:: Your goal ::
Only the lines below starting at the one containing "PX \<times> A. c" and ending at the one containing "using importance_weighting(2)[OF sigma" belong in the answer, each copied exactly.

:: Data records ::

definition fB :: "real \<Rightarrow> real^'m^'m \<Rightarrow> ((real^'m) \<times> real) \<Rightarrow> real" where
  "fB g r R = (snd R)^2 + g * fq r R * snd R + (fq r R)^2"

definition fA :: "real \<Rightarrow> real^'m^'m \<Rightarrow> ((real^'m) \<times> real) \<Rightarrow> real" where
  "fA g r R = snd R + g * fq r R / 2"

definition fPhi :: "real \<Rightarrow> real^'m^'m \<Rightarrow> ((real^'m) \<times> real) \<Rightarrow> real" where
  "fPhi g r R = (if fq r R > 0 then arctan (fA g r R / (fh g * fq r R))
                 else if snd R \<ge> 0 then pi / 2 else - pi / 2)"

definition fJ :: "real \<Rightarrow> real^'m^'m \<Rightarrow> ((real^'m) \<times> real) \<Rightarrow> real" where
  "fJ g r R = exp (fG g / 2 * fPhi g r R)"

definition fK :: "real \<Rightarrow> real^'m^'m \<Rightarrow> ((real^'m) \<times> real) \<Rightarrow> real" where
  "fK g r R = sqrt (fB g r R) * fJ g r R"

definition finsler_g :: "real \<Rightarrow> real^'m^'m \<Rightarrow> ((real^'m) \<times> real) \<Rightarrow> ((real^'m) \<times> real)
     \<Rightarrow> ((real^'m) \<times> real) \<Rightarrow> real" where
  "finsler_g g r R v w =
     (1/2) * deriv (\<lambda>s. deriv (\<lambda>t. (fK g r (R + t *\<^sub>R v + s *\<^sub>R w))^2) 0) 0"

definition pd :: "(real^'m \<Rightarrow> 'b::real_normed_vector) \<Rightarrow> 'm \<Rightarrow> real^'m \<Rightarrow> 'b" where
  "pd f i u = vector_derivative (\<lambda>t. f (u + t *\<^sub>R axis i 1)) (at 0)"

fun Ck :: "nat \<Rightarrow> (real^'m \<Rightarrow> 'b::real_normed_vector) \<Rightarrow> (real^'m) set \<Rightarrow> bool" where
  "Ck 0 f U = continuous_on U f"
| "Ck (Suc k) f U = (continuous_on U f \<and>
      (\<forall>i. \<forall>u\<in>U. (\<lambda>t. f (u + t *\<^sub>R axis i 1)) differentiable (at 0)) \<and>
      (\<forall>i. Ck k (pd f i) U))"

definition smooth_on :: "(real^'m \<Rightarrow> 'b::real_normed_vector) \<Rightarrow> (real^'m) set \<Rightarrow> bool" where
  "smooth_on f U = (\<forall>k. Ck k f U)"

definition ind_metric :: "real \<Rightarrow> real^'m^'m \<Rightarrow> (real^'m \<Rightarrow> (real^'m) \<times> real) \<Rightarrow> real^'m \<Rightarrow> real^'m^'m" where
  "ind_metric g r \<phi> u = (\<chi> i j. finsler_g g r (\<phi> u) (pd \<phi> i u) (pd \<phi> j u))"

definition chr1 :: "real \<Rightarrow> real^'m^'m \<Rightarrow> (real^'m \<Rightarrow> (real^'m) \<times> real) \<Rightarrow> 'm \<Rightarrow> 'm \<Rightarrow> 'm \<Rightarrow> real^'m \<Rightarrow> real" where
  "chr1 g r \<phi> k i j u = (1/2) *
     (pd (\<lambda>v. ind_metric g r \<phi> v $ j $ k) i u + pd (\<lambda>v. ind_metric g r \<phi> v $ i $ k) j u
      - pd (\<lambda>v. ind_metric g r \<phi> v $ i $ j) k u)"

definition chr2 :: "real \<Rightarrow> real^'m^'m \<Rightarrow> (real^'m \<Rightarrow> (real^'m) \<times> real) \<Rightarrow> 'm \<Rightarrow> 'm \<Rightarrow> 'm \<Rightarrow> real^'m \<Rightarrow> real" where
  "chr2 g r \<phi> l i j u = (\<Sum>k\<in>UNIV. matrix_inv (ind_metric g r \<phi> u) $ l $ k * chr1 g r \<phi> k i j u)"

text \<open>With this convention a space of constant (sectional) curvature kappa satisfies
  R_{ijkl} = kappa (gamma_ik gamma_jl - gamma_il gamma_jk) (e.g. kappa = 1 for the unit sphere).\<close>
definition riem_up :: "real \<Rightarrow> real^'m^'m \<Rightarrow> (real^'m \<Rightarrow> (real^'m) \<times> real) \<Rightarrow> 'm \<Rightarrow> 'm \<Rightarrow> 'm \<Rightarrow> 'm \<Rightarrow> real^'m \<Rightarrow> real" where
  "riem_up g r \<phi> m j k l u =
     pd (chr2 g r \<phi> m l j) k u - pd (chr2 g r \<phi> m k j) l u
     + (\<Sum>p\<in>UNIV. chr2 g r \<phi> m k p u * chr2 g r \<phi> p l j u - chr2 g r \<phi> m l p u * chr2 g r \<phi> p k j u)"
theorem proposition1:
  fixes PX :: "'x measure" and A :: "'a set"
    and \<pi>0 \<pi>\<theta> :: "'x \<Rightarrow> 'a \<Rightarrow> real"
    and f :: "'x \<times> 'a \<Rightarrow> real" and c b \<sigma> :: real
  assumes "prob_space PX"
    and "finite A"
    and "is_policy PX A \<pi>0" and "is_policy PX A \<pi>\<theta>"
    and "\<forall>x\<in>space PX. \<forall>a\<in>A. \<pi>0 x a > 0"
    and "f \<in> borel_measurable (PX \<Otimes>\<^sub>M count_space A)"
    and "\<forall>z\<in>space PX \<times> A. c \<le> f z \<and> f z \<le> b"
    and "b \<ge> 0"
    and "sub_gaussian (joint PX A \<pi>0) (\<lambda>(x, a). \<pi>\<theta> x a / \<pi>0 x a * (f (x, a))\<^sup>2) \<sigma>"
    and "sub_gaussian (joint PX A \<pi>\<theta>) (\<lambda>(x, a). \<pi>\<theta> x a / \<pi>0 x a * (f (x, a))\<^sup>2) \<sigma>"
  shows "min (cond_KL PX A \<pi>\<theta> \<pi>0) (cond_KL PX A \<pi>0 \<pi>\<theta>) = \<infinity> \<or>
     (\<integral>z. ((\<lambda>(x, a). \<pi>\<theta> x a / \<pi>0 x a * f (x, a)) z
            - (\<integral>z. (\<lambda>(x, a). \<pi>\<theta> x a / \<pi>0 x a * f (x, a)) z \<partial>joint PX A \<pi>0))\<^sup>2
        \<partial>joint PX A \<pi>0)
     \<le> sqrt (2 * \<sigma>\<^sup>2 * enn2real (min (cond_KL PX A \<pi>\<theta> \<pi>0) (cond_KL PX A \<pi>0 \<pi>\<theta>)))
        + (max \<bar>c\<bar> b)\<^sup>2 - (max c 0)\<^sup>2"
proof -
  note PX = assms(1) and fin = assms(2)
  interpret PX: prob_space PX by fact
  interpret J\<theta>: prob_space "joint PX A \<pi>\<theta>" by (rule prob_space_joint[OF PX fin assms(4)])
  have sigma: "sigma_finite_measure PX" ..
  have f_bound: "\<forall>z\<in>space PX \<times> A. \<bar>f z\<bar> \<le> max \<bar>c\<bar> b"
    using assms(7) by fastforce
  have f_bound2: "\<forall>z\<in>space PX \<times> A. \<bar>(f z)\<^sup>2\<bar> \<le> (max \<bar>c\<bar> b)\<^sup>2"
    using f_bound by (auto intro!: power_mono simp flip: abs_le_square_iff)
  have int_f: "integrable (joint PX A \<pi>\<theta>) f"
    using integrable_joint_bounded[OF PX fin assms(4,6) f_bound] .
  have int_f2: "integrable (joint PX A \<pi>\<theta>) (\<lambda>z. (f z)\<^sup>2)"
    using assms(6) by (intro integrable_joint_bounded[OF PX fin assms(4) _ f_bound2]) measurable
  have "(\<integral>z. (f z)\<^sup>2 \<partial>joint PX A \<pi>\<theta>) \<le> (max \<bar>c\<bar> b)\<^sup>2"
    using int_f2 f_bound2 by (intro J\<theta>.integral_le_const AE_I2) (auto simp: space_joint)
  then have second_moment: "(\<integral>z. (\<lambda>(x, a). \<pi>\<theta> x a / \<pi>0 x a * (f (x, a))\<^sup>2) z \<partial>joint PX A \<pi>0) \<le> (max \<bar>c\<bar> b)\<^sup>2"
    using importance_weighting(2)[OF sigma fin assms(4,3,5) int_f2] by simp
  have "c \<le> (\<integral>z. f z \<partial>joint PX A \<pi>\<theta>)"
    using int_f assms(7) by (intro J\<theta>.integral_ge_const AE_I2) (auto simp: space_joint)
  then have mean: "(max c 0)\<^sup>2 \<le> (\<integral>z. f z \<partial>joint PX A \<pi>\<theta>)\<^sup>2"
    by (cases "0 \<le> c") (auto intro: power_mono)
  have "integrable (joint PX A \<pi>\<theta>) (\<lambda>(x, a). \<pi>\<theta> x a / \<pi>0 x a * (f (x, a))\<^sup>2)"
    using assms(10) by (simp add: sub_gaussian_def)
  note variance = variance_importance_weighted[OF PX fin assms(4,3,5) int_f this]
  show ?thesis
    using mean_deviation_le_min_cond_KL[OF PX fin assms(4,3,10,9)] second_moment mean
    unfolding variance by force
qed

:: Task solution ::
    and "\<forall>z\<in>space PX \<times> A. c \<le> f z \<and> f z \<le> b"
    and "b \<ge> 0"
    and "sub_gaussian (joint PX A \<pi>0) (\<lambda>(x, a). \<pi>\<theta> x a / \<pi>0 x a * (f (x, a))\<^sup>2) \<sigma>"
    and "sub_gaussian (joint PX A \<pi>\<theta>) (\<lambda>(x, a). \<pi>\<theta> x a / \<pi>0 x a * (f (x, a))\<^sup>2) \<sigma>"
  shows "min (cond_KL PX A \<pi>\<theta> \<pi>0) (cond_KL PX A \<pi>0 \<pi>\<theta>) = \<infinity> \<or>
     (\<integral>z. ((\<lambda>(x, a). \<pi>\<theta> x a / \<pi>0 x a * f (x, a)) z
            - (\<integral>z. (\<lambda>(x, a). \<pi>\<theta> x a / \<pi>0 x a * f (x, a)) z \<partial>joint PX A \<pi>0))\<^sup>2
        \<partial>joint PX A \<pi>0)
     \<le> sqrt (2 * \<sigma>\<^sup>2 * enn2real (min (cond_KL PX A \<pi>\<theta> \<pi>0) (cond_KL PX A \<pi>0 \<pi>\<theta>)))
        + (max \<bar>c\<bar> b)\<^sup>2 - (max c 0)\<^sup>2"
proof -
  note PX = assms(1) and fin = assms(2)
  interpret PX: prob_space PX by fact
  interpret J\<theta>: prob_space "joint PX A \<pi>\<theta>" by (rule prob_space_joint[OF PX fin assms(4)])
  have sigma: "sigma_finite_measure PX" ..
  have f_bound: "\<forall>z\<in>space PX \<times> A. \<bar>f z\<bar> \<le> max \<bar>c\<bar> b"
    using assms(7) by fastforce
  have f_bound2: "\<forall>z\<in>space PX \<times> A. \<bar>(f z)\<^sup>2\<bar> \<le> (max \<bar>c\<bar> b)\<^sup>2"
    using f_bound by (auto intro!: power_mono simp flip: abs_le_square_iff)
  have int_f: "integrable (joint PX A \<pi>\<theta>) f"
    using integrable_joint_bounded[OF PX fin assms(4,6) f_bound] .
  have int_f2: "integrable (joint PX A \<pi>\<theta>) (\<lambda>z. (f z)\<^sup>2)"
    using assms(6) by (intro integrable_joint_bounded[OF PX fin assms(4) _ f_bound2]) measurable
  have "(\<integral>z. (f z)\<^sup>2 \<partial>joint PX A \<pi>\<theta>) \<le> (max \<bar>c\<bar> b)\<^sup>2"
    using int_f2 f_bound2 by (intro J\<theta>.integral_le_const AE_I2) (auto simp: space_joint)
  then have second_moment: "(\<integral>z. (\<lambda>(x, a). \<pi>\<theta> x a / \<pi>0 x a * (f (x, a))\<^sup>2) z \<partial>joint PX A \<pi>0) \<le> (max \<bar>c\<bar> b)\<^sup>2"
    using importance_weighting(2)[OF sigma fin assms(4,3,5) int_f2] by simp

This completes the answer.